> _What you will do_
Where a line holds the word "comm", copy it from the records.

> _Exercise data_
section \<open>Information matrices\<close>

lemma ginv_sandwich:
  fixes M Z :: "real mat"
  assumes M: "M \<in> carrier_mat n n" and sym: "transpose_mat M = M" and Z: "Z \<in> carrier_mat n s"
  shows "transpose_mat (M * Z) * ginv M * (M * Z) = transpose_mat Z * (M * Z)"
proof -
  have G: "ginv M \<in> carrier_mat n n" and MGM: "M * ginv M * M = M"
    using sym_mat_ginv[OF M sym] by auto
  have ZT: "transpose_mat Z \<in> carrier_mat s n" and MG: "M * ginv M \<in> carrier_mat n n"
    and MZ: "M * Z \<in> carrier_mat n s" using M G Z by auto
  have "transpose_mat (M * Z) * ginv M * (M * Z) = transpose_mat Z * M * ginv M * (M * Z)"
    by (simp add: transpose_mult[OF M Z] sym)
  also have "\<dots> = transpose_mat Z * ((M * ginv M) * (M * Z))"
    by (simp only: assoc_mult_mat[OF ZT M G] assoc_mult_mat[OF ZT MG MZ])
  also have "\<dots> = transpose_mat Z * ((M * ginv M * M) * Z)"
    by (simp only: assoc_mult_mat[OF MG M Z])
  finally show ?thesis by (simp only: MGM)
qed
lemma smc_path_shift_path:
  assumes "k < m" and "1 \<le> s" and "s + k \<le> m"
  shows "smc_path m k (top_block m k) (top_block (m - s) k) (shift_path m k s)"
  using assms
proof (induction m arbitrary: k s)
  case 0
  then show ?case by simp
next
  case (Suc m)
  have top: "insert (Suc m) (top_block m (k - 1)) = top_block (Suc m) k" if "0 < k"
    using top_block_insert[of k "Suc m"] that Suc.prems by simp
  consider (zero) "k = 0"
    | (one_full) "0 < k" "s = 1" "k = m"
    | (one) "0 < k" "s = 1" "k < m"
    | (more) "0 < k" "2 \<le> s"
    using Suc.prems by linarith
  then show ?case
  proof cases
    case zero
    then show ?thesis by (simp add: smc_path_zero)
  next
    case one_full
    have A: "smc_path m (k - 1) (top_block m (k - 1)) (top_block (m - 1) (k - 1))
               (shift_path m (k - 1) 1)"
      using Suc.IH one_full by simp
    have B: "smc_path m k {1..m} {1..m} [{1..m}]"
      using smc_path_full one_full by simp
    have full: "top_block m m = {1..m}" by (simp add: top_block_def)
    then have J: "strong_min_change (insert (Suc m) (top_block (m - 1) (k - 1))) {1..m}"
      using strong_min_change_top_block[of k m "Suc m"] one_full by simp
    show ?thesis
      using smc_path_append_top[OF \<open>0 < k\<close> A B J] one_full top full by simp
  next
    case one
    have A: "smc_path m (k - 1) (top_block m (k - 1)) (top_block (m - 2) (k - 1))
               (shift_path m (k - 1) 2)"
      using Suc.IH Suc.prems one by simp
    have B: "smc_path m k (top_block (m - 1) k) (top_block m k) (rev (shift_path m k 1))"
      using smc_path_rev Suc.IH Suc.prems one by simp
    have J: "strong_min_change (insert (Suc m) (top_block (m - 2) (k - 1))) (top_block (m - 1) k)"
      using strong_min_change_top_block[of k "m - 1" "Suc m"] one by (simp add: numeral_2_eq_2)
    show ?thesis
      using smc_path_append_top[OF \<open>0 < k\<close> A B J] one top by simp
  next
    case more
    have A: "smc_path m (k - 1) (top_block m (k - 1)) (top_block (m - 1) (k - 1))
               (shift_path m (k - 1) 1)"
      using Suc.IH Suc.prems more by simp
    have "m - (s - 1) = Suc m - s" using more by simp
    then have B: "smc_path m k (top_block m k) (top_block (Suc m - s) k) (shift_path m k (s - 1))"
      using Suc.IH[of k "s - 1"] Suc.prems more by simp
    have J: "strong_min_change (insert (Suc m) (top_block (m - 1) (k - 1))) (top_block m k)"
      using strong_min_change_top_block[of k m "Suc m"] Suc.prems more by simp
    show ?thesis
      using smc_path_append_top[OF \<open>0 < k\<close> A B J] Suc.prems more top by simp
  qed
qed

lemma complementary_smc_path:
  assumes "1 \<le> n"
    and P: "smc_path (2 * n - 1) (n - 1) X Y P"
    and J: "strong_min_change (insert (2 * n) Y) ({1..2 * n} - insert (2 * n) X)"
  defines "H \<equiv> map (insert (2 * n)) P"
  shows "smc_path (2 * n) n (insert (2 * n) X) ({1..2 * n} - insert (2 * n) Y)
           (H @ map (\<lambda>A. {1..2 * n} - A) H)"
    and "strong_min_change ({1..2 * n} - insert (2 * n) Y) (insert (2 * n) X)"
proof -
  define m where "m = 2 * n - 1"
  have Suc_m: "Suc m = 2 * n" using assms(1) by (simp add: m_def)
  have P_ne: "P \<noteq> []" and set_P: "set P = ksubsets m (n - 1)"
    using P by (auto simp: smc_path_def m_def)
  have set_H: "set H = insert (Suc m) ` ksubsets m (n - 1)"
    using set_P by (simp add: H_def Suc_m)
  then have H_sub: "\<forall>A \<in> set H. A \<subseteq> {1..2 * n}"
    by (auto simp: ksubsets_def Suc_m[symmetric])
  have hd_H: "hd H = insert (2 * n) X" and last_H: "last H = insert (2 * n) Y"
    using P P_ne by (auto simp: H_def smc_path_def hd_map last_map)
  have "(\<lambda>A. {1..2 * n} - A) ` set H = (\<lambda>A. {1..m} - A) ` ksubsets m (n - 1)"
    unfolding set_H image_image Suc_m[symmetric] by (intro image_cong) auto
  also have "\<dots> = ksubsets m n"
    using ksubsets_complement[of "n - 1" m] assms(1) by (simp add: m_def)
  finally have set_compl: "(\<lambda>A. {1..2 * n} - A) ` set H = ksubsets m n" .
  have "set (H @ map (\<lambda>A. {1..2 * n} - A) H) = ksubsets (2 * n) n"
    using set_H set_compl ksubsets_Suc[of n m] assms(1) by (simp add: Suc_m)
  moreover have "distinct (H @ map (\<lambda>A. {1..2 * n} - A) H)"
  proof -
    have "distinct H"
      using P inj_on_insert_ksubsets[of m "n - 1"] set_P
      by (simp add: H_def smc_path_def distinct_map Suc_m)
    moreover have "inj_on (\<lambda>A. {1..2 * n} - A) (set H)"
      using H_sub by (intro inj_onI) blast
    moreover have "set H \<inter> (\<lambda>A. {1..2 * n} - A) ` set H = {}"
      using set_H by auto
    ultimately show ?thesis by (simp add: distinct_map)
  qed
  moreover have H_smc: "successively strong_min_change H"
    unfolding H_def
  proof (rule successively_smc_insert_greater)
    show "successively strong_min_change P" using P by (simp add: smc_path_def)
    show "\<forall>A \<in> set P. \<forall>x \<in> A. x < 2 * n"
      using set_P Suc_m by (force simp: ksubsets_def)
  qed
  moreover have "successively strong_min_change (map (\<lambda>A. {1..2 * n} - A) H)"
    using H_smc H_sub by (rule successively_smc_complement)
  ultimately show "smc_path (2 * n) n (insert (2 * n) X) ({1..2 * n} - insert (2 * n) Y)
           (H @ map (\<lambda>A. {1..2 * n} - A) H)"
    using J P_ne hd_H last_H
    by (auto simp: smc_path_def successively_append_iff hd_map last_map H_def)
  have "H \<noteq> []" using P_ne by (simp add: H_def)
  then have X: "insert (2 * n) X \<subseteq> {1..2 * n}" and Y: "insert (2 * n) Y \<subseteq> {1..2 * n}"
    using H_sub hd_H last_H by (metis hd_in_set last_in_set)+
  have "strong_min_change ({1..2 * n} - insert (2 * n) Y)
                          ({1..2 * n} - ({1..2 * n} - insert (2 * n) X))"
    using strong_min_change_complement[OF J Y] by blast
  then show "strong_min_change ({1..2 * n} - insert (2 * n) Y) (insert (2 * n) X)"
    using X by (simp add: double_diff)
qed

lemma successively_cyclic_nth:
  assumes "successively R xs" and "R (last xs) (hd xs)" and "i < length xs"
  shows "R (xs ! i) (xs ! ((i + 1) mod length xs))"
proof (cases "Suc i < length xs")
  case True
  then show ?thesis using successively_nth[OF assms(1)] by simp
next
  case False
  then have "i = length xs - 1" and "xs \<noteq> []" using assms(3) by auto
  then show ?thesis using assms(2) by (simp add: last_conv_nth hd_conv_nth)
qed
(* Let $R$ be a finite group and $S\subseteq R$. If $\mathrm{Cay}(R,S)$ is a nontrivial generalised wreath product with respect to subgroups $K$ and $H$, and $\mathbf{Z}(H)\cap K\not\leq \mathbf{Z}(R)$, then $\mathrm{Aut}(R)_S>1$.
   Context: $\mathbf{Z}(X)$ denotes the centre of a group $X$. $\mathrm{Aut}(R)_S$ is the group of automorphisms of $R$ fixing $S$ setwise. $\mathrm{Cay}(R,S)$ (vertex set $R$, arcs $r\to sr$ for $s\in S$) is a nontrivial generalised wreath product with respect to $K$ and $H$ if $1<K\trianglelefteq H<R$ and $K(S\setminus H)=S\setminus H=(S\setminus H)K$. *)

theory Defs
  imports "HOL-Algebra.Algebra"
begin

definition centre_of :: "('a, 'b) monoid_scheme \<Rightarrow> 'a set \<Rightarrow> 'a set" where
  "centre_of G H = {z \<in> H. \<forall>h \<in> H. z \<otimes>\<^bsub>G\<^esub> h = h \<otimes>\<^bsub>G\<^esub> z}"

definition nontrivial_gen_wreath ::
  "('a, 'b) monoid_scheme \<Rightarrow> 'a set \<Rightarrow> 'a set \<Rightarrow> 'a set \<Rightarrow> bool" where
  "nontrivial_gen_wreath R S K H \<longleftrightarrow>
     subgroup K R \<and> subgroup H R \<and> K \<noteq> {\<one>\<^bsub>R\<^esub>} \<and> K \<subseteq> H \<and>
     normal K (R\<lparr>carrier := H\<rparr>) \<and> H \<noteq> carrier R \<and>
     K <#>\<^bsub>R\<^esub> (S - H) = S - H \<and> (S - H) <#>\<^bsub>R\<^esub> K = S - H"

end

theory Submission
  imports Defs "HOL-Algebra.Group_Action"
begin

text \<open>Choose z \<in> K centralising H but not central in R, and conjugate by z. Elements of S \<inter> H
  are fixed because z centralises H, while S - H is mapped into K (S - H) K = S - H; the same
  holds for z\<inverse>, so conjugation by z is an automorphism stabilising S, and it is not the
  identity because z is not central.\<close>

definition conjugation :: "('a, 'b) monoid_scheme \<Rightarrow> 'a \<Rightarrow> 'a \<Rightarrow> 'a" where
  "conjugation G g = (\<lambda>h \<in> carrier G. g \<otimes>\<^bsub>G\<^esub> h \<otimes>\<^bsub>G\<^esub> inv\<^bsub>G\<^esub> g)"

lemma (in group) conjugation_in_auto:
  assumes "g \<in> carrier G"
  shows "conjugation G g \<in> auto G"
proof -
  have "conjugation G g \<in> Bij (carrier G)"
    using conjugation_is_bij[OF assms] by (simp add: conjugation_def Bij_def)
  moreover have "conjugation G g \<in> hom G G"
    using assms by (auto simp: hom_def conjugation_def m_assoc simp flip: m_assoc[of "inv g" g])
  ultimately show ?thesis
    by (simp add: auto_def)
qed

lemma (in group) conjugation_eq_id_iff:
  assumes "g \<in> carrier G"
  shows "conjugation G g = (\<lambda>x \<in> carrier G. x) \<longleftrightarrow> g \<in> centre_of G (carrier G)"
proof -
  have "g \<otimes> x \<otimes> inv g = x \<longleftrightarrow> g \<otimes> x = x \<otimes> g" if "x \<in> carrier G" for x
    using assms that by (metis inv_solve_right m_closed)
  then show ?thesis
    using assms by (auto simp: conjugation_def centre_of_def fun_eq_iff split: if_splits)
qed

lemma (in group) centre_of_inv_closed:
  assumes "subgroup H G" and "z \<in> centre_of G H"
  shows "inv z \<in> centre_of G H"
proof -
  have zH: "z \<in> H" and comm: "\<And>h. h \<in> H \<Longrightarrow> z \<otimes> h = h \<otimes> z"
    using assms(2) by (auto simp: centre_of_def)
  have "inv z \<otimes> h = h \<otimes> inv z" if "h \<in> H" for h
  proof -
    have "h \<in> carrier G" "z \<in> carrier G"
      using that zH subgroup.subset[OF assms(1)] by auto
    then have "h = z \<otimes> h \<otimes> inv z"
      using comm[OF that] by (simp flip: m_assoc) (simp add: m_assoc)
    with \<open>h \<in> carrier G\<close> \<open>z \<in> carrier G\<close> show ?thesis
      by (simp add: inv_solve_left' m_assoc)
  qed
  then show ?thesis
    using zH assms(1) by (simp add: centre_of_def subgroup.m_inv_closed)
qed

lemma (in group) conjugation_image_subset_wreath:
  assumes "S \<subseteq> carrier G" and "subgroup K G" and "z \<in> K" and "z \<in> centre_of G H"
    and "K <#> (S - H) \<subseteq> S - H" and "(S - H) <#> K \<subseteq> S - H"
  shows "conjugation G z ` S \<subseteq> S"
proof
  fix y assume "y \<in> conjugation G z ` S"
  then obtain s where s: "s \<in> S" and y: "y = z \<otimes> s \<otimes> inv z"
    using assms(1) by (auto simp: conjugation_def)
  have zG: "z \<in> carrier G" and sG: "s \<in> carrier G"
    using assms(1-3) s subgroup.subset by auto
  show "y \<in> S"
  proof (cases "s \<in> H")
    case True
    then have "z \<otimes> s = s \<otimes> z"
      using assms(4) by (simp add: centre_of_def)
    then have "y = s"
      using y zG sG by (simp add: m_assoc)
    with s show ?thesis by simp
  next
    case False
    have "z \<otimes> s \<in> S - H"
      using assms(3,5) s False by (auto simp: set_mult_def)
    moreover have "inv z \<in> K"
      using assms(2,3) by (simp add: subgroup.m_inv_closed)
    ultimately have "y \<in> (S - H) <#> K"
      using y by (auto simp: set_mult_def)
    with assms(6) show ?thesis by blast
  qed
qed

lemma (in group) conjugation_image_eq_wreath:
  assumes "S \<subseteq> carrier G" and "subgroup K G" and "subgroup H G"
    and "z \<in> K" and "z \<in> centre_of G H"
    and "K <#> (S - H) \<subseteq> S - H" and "(S - H) <#> K \<subseteq> S - H"
  shows "conjugation G z ` S = S"
proof
  show "conjugation G z ` S \<subseteq> S"
    using conjugation_image_subset_wreath assms by blast
  have zG: "z \<in> carrier G"
    using assms(2,4) subgroup.subset by blast
  have inv_image: "conjugation G (inv z) ` S \<subseteq> S"
    using assms conjugation_image_subset_wreath[of S K "inv z" H]
    by (simp add: subgroup.m_inv_closed centre_of_inv_closed)
  show "S \<subseteq> conjugation G z ` S"
  proof
    fix s assume s: "s \<in> S"
    then have sG: "s \<in> carrier G"
      using assms(1) by blast
    have "conjugation G (inv z) s \<in> S"
      using inv_image s by blast
    moreover have "conjugation G z (conjugation G (inv z) s) = s"
      using zG sG by (simp add: conjugation_def m_assoc flip: m_assoc[of z "inv z"])
    ultimately show "s \<in> conjugation G z ` S"
      by (metis image_eqI)
  qed
qed

theorem lemma4p7:
  fixes R :: "('a, 'b) monoid_scheme" and S K H :: "'a set"
  assumes "group R" and "finite (carrier R)" and "S \<subseteq> carrier R"
    and "nontrivial_gen_wreath R S K H"
    and "\<not> (centre_of R H \<inter> K \<subseteq> centre_of R (carrier R))"
  shows "\<exists>\<phi> \<in> auto R. \<phi> ` S = S \<and> \<phi> \<noteq> (\<lambda>x \<in> carrier R. x)"
proof -
  interpret group R by fact
  have K: "subgroup K R" and H: "subgroup H R"
    and left: "K <#>\<^bsub>R\<^esub> (S - H) = S - H" and right: "(S - H) <#>\<^bsub>R\<^esub> K = S - H"
    using assms(4) by (auto simp: nontrivial_gen_wreath_def)
  obtain z where zH: "z \<in> centre_of R H" and zK: "z \<in> K"
    and not_central: "z \<notin> centre_of R (carrier R)"
    using assms(5) by blast
  have zR: "z \<in> carrier R"
    using K zK subgroup.subset by blast
  show ?thesis
  proof (intro bexI conjI)
    show "conjugation R z ` S = S"
      using conjugation_image_eq_wreath[OF assms(3) K H zK zH] left right by simp
    show "conjugation R z \<noteq> (\<lambda>x \<in> carrier R. x)"
      using conjugation_eq_id_iff[OF zR] not_central by simp
    show "conjugation R z \<in> auto R"
      using conjugation_in_auto[OF zR] .
  qed
qed

end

> _Written solution_
  have zH: "z \<in> H" and comm: "\<And>h. h \<in> H \<Longrightarrow> z \<otimes> h = h \<otimes> z"
      using comm[OF that] by (simp flip: m_assoc) (simp add: m_assoc)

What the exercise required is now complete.